Give again, word for word, every line below from the one that has "(* Let $q>0$" through the one that has "U of u and W", both included, and no others.

______________________________

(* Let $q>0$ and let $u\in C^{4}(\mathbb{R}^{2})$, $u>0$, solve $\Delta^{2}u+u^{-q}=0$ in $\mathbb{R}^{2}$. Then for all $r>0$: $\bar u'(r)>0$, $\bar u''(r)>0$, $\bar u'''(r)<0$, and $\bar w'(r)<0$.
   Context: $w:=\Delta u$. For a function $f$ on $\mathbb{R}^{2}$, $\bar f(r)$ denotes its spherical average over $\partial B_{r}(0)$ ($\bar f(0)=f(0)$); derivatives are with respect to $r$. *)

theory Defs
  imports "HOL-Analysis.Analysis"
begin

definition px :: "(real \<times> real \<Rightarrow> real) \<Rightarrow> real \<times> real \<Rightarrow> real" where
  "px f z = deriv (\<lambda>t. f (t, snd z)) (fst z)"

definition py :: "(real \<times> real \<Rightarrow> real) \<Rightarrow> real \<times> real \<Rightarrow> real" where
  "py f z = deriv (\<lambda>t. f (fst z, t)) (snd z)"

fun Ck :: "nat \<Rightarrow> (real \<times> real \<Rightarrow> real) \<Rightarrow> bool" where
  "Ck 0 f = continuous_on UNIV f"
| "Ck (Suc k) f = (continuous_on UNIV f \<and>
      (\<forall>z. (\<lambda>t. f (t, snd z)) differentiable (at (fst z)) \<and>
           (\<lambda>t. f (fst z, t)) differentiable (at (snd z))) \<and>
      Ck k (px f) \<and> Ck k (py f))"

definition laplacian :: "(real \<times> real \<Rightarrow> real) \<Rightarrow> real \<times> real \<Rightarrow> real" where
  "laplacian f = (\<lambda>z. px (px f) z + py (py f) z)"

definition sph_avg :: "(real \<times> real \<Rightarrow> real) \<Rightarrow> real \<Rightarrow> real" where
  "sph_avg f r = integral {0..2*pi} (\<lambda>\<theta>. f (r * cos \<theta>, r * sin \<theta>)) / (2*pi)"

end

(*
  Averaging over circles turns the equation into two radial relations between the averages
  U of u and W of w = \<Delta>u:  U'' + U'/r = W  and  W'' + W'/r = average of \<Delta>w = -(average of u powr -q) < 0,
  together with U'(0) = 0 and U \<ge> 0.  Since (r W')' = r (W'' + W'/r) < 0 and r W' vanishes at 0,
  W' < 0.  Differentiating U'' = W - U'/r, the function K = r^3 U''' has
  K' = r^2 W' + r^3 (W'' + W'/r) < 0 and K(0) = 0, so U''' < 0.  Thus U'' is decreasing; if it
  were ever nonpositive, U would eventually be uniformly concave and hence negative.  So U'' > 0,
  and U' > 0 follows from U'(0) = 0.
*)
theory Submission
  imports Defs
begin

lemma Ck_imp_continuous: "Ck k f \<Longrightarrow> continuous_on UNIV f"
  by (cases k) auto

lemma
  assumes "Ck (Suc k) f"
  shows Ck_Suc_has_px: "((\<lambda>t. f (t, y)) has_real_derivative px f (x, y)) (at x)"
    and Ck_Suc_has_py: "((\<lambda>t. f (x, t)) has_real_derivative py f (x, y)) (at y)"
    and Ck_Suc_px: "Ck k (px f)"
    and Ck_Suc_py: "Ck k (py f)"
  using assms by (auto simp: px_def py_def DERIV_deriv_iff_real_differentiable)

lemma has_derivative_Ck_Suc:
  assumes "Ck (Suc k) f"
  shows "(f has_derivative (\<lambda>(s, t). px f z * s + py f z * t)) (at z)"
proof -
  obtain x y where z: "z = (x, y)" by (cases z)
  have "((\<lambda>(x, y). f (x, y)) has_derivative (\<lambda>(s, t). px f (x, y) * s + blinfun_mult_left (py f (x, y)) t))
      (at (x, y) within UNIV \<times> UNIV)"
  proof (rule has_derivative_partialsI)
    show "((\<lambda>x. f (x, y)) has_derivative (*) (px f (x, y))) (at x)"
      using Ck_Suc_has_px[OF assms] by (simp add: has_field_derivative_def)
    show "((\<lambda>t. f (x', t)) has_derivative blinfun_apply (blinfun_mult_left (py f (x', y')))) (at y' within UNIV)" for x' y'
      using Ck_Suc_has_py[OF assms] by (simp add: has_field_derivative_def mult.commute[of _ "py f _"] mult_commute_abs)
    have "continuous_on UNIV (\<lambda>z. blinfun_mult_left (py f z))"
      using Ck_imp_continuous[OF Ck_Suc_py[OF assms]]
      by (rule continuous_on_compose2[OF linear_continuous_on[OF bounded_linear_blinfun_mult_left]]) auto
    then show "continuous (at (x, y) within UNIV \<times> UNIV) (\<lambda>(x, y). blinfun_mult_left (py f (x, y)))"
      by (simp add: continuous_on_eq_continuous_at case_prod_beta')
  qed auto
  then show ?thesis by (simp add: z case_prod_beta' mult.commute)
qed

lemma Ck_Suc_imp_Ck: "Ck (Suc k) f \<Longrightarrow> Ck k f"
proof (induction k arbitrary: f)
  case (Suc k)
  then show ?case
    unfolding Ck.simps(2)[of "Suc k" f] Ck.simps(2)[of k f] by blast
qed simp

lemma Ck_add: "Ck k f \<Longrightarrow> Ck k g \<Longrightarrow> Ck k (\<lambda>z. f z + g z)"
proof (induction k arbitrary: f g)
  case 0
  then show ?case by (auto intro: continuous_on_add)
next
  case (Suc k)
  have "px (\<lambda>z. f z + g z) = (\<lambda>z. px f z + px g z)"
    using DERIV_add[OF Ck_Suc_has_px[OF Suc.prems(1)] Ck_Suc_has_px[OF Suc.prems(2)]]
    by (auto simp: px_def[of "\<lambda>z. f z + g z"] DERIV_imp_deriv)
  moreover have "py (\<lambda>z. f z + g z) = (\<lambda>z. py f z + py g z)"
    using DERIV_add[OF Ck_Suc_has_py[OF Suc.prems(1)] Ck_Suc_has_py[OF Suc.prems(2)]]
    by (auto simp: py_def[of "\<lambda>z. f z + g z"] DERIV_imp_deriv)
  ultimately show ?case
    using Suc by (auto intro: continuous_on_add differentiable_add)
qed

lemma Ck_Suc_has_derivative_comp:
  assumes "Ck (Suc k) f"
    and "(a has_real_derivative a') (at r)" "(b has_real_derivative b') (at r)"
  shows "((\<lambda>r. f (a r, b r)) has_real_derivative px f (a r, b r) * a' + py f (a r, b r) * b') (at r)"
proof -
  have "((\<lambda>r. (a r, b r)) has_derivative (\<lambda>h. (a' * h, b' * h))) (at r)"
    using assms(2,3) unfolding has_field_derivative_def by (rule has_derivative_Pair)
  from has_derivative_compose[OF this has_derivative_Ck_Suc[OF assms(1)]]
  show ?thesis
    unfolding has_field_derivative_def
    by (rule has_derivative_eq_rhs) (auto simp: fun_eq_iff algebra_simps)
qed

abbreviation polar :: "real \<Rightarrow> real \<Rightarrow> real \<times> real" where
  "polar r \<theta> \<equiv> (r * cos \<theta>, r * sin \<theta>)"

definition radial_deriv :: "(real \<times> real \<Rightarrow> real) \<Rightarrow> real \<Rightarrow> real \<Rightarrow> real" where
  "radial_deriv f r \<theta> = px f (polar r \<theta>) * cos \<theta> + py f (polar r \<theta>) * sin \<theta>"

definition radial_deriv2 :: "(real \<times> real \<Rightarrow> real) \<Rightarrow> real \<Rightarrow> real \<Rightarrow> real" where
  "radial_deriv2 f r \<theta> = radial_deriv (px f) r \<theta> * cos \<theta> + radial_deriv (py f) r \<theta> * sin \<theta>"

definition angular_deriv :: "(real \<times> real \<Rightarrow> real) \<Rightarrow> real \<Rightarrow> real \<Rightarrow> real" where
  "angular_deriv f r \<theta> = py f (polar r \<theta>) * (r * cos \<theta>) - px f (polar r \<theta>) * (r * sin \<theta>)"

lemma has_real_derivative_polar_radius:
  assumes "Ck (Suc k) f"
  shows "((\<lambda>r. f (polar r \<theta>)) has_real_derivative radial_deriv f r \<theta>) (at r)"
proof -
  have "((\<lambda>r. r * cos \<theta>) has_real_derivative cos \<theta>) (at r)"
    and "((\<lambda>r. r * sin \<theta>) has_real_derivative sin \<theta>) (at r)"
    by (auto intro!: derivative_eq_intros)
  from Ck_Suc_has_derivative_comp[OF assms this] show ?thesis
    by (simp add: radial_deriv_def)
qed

______________________________

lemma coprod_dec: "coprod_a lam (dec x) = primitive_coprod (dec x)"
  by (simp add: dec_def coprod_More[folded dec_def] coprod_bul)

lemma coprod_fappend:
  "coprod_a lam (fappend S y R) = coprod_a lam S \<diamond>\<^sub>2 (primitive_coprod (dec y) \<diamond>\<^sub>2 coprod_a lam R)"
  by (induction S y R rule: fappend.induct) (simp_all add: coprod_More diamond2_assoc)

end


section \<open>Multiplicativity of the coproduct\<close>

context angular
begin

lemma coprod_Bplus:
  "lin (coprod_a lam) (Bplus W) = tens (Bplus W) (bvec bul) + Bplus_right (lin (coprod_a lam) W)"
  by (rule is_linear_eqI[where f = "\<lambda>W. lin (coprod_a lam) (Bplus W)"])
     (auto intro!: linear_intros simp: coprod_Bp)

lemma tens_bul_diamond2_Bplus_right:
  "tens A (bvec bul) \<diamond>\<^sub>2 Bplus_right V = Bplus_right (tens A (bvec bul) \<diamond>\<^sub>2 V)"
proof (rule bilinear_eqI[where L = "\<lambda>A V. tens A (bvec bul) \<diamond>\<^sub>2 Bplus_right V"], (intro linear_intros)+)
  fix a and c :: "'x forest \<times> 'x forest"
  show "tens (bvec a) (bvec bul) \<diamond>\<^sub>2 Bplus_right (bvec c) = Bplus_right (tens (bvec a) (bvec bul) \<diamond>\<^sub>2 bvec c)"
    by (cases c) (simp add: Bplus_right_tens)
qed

______________________________

RESPONSE TO THE TASK:
(* Let $q>0$ and let $u\in C^{4}(\mathbb{R}^{2})$, $u>0$, solve $\Delta^{2}u+u^{-q}=0$ in $\mathbb{R}^{2}$. Then for all $r>0$: $\bar u'(r)>0$, $\bar u''(r)>0$, $\bar u'''(r)<0$, and $\bar w'(r)<0$.
   Context: $w:=\Delta u$. For a function $f$ on $\mathbb{R}^{2}$, $\bar f(r)$ denotes its spherical average over $\partial B_{r}(0)$ ($\bar f(0)=f(0)$); derivatives are with respect to $r$. *)

theory Defs
  imports "HOL-Analysis.Analysis"
begin

definition px :: "(real \<times> real \<Rightarrow> real) \<Rightarrow> real \<times> real \<Rightarrow> real" where
  "px f z = deriv (\<lambda>t. f (t, snd z)) (fst z)"

definition py :: "(real \<times> real \<Rightarrow> real) \<Rightarrow> real \<times> real \<Rightarrow> real" where
  "py f z = deriv (\<lambda>t. f (fst z, t)) (snd z)"

fun Ck :: "nat \<Rightarrow> (real \<times> real \<Rightarrow> real) \<Rightarrow> bool" where
  "Ck 0 f = continuous_on UNIV f"
| "Ck (Suc k) f = (continuous_on UNIV f \<and>
      (\<forall>z. (\<lambda>t. f (t, snd z)) differentiable (at (fst z)) \<and>
           (\<lambda>t. f (fst z, t)) differentiable (at (snd z))) \<and>
      Ck k (px f) \<and> Ck k (py f))"

definition laplacian :: "(real \<times> real \<Rightarrow> real) \<Rightarrow> real \<times> real \<Rightarrow> real" where
  "laplacian f = (\<lambda>z. px (px f) z + py (py f) z)"

definition sph_avg :: "(real \<times> real \<Rightarrow> real) \<Rightarrow> real \<Rightarrow> real" where
  "sph_avg f r = integral {0..2*pi} (\<lambda>\<theta>. f (r * cos \<theta>, r * sin \<theta>)) / (2*pi)"

end

(*
  Averaging over circles turns the equation into two radial relations between the averages
  U of u and W of w = \<Delta>u:  U'' + U'/r = W  and  W'' + W'/r = average of \<Delta>w = -(average of u powr -q) < 0,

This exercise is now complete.